▸ **Data for this exercise**:

━━━━━━━━━━━━━━━━

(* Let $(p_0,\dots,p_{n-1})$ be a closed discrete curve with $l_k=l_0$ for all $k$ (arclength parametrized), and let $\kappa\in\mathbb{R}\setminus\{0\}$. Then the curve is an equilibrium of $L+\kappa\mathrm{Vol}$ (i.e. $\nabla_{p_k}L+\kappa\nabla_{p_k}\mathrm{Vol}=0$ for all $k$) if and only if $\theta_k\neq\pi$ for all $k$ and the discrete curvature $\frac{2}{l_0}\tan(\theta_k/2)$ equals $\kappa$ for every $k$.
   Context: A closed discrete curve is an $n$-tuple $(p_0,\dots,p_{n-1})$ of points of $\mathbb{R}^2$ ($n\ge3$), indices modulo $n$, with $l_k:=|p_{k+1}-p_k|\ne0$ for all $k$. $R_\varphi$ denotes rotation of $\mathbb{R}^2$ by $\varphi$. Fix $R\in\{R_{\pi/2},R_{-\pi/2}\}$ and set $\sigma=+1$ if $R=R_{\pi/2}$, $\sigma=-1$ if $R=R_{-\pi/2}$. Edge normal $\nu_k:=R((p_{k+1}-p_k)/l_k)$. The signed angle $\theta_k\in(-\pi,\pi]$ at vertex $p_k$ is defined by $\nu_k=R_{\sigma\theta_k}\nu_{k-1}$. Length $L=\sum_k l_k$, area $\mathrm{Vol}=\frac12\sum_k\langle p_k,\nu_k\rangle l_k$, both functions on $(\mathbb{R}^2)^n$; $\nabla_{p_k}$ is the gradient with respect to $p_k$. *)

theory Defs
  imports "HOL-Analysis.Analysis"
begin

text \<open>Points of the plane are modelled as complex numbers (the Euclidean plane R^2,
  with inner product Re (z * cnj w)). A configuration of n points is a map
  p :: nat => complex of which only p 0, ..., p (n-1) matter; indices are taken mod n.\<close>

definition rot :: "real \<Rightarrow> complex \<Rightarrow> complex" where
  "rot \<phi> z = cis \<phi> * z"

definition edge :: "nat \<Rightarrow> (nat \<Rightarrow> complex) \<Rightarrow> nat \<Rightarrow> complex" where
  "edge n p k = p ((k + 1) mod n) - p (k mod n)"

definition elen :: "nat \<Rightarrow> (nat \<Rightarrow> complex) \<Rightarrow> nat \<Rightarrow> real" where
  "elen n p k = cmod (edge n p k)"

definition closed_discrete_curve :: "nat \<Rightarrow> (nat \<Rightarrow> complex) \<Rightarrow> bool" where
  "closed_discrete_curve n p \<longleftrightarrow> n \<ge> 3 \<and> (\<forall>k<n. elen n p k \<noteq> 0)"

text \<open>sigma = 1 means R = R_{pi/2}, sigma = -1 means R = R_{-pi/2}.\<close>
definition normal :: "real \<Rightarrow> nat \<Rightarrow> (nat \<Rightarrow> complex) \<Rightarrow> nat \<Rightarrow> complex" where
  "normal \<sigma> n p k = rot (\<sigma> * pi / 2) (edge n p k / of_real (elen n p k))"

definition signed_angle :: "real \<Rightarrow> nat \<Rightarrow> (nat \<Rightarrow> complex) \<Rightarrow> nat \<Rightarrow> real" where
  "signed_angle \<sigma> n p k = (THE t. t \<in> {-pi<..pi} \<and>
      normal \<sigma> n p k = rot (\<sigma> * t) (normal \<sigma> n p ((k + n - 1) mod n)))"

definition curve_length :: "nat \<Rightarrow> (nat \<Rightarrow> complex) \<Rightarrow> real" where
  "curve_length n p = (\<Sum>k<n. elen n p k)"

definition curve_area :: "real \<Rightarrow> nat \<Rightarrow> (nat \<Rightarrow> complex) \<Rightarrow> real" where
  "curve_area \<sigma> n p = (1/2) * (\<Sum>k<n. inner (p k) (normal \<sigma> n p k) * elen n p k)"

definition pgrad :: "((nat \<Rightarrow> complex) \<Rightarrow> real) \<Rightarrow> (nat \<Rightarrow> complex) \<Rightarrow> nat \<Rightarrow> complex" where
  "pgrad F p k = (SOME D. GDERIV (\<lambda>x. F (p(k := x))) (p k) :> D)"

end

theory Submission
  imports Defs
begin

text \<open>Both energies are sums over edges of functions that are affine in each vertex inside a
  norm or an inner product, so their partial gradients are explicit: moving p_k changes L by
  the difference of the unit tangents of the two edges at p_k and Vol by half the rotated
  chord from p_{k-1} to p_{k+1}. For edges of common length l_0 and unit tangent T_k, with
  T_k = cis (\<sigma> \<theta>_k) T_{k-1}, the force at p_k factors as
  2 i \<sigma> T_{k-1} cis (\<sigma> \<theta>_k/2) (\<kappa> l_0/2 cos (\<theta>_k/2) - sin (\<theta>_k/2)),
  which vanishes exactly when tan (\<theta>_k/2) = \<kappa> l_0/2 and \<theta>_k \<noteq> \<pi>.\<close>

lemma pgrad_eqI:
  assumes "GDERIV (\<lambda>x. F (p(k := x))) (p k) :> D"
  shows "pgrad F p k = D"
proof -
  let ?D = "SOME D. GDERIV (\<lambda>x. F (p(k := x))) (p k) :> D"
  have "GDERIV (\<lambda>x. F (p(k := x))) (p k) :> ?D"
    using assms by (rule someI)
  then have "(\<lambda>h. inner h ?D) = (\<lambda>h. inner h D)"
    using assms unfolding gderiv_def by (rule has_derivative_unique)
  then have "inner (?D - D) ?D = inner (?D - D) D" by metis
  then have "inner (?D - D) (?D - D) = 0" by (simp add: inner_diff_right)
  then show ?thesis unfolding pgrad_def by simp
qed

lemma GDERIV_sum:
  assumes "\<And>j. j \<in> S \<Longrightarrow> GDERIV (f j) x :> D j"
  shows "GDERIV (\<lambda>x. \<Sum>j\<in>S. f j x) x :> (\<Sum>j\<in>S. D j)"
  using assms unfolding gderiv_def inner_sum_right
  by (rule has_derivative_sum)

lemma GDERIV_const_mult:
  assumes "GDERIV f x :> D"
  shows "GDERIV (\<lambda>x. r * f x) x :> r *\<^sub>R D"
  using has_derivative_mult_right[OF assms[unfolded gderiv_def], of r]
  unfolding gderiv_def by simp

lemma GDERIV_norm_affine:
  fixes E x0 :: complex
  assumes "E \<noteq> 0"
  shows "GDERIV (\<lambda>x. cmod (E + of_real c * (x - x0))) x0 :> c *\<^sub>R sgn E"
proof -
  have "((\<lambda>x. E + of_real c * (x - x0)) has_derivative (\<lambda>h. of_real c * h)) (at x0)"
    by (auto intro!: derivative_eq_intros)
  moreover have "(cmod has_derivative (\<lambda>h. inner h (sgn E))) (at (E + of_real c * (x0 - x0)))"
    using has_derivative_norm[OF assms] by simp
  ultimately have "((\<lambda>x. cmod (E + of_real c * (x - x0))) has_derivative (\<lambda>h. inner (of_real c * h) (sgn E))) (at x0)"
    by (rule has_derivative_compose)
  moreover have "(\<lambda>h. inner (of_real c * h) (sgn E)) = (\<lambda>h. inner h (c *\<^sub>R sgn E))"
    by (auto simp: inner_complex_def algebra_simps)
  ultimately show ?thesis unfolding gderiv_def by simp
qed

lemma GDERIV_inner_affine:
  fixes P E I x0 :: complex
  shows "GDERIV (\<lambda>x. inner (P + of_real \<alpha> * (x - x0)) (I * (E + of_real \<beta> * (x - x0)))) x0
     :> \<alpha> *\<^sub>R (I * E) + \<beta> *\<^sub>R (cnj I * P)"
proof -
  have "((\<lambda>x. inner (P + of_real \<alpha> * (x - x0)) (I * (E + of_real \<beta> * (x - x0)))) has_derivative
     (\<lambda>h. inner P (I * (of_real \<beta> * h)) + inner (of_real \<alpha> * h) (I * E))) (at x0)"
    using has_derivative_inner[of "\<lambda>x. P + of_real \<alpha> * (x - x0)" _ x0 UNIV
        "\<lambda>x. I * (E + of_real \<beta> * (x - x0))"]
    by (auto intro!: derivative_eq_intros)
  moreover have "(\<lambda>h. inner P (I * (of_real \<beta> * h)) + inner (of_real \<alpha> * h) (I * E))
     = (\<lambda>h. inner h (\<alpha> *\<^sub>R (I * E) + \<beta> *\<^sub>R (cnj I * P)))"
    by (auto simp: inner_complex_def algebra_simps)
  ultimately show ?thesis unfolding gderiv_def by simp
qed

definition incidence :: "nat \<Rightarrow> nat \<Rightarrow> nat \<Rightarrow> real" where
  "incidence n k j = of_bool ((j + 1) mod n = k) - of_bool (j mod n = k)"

━━━━━━━━━━━━━━━━

▸ **Task instructions**: Return each line of the listing that holds the word "noteq".

▸ **Reply**:
  "closed_discrete_curve n p \<longleftrightarrow> n \<ge> 3 \<and> (\<forall>k<n. elen n p k \<noteq> 0)"
  which vanishes exactly when tan (\<theta>_k/2) = \<kappa> l_0/2 and \<theta>_k \<noteq> \<pi>.\<close>
  assumes "E \<noteq> 0"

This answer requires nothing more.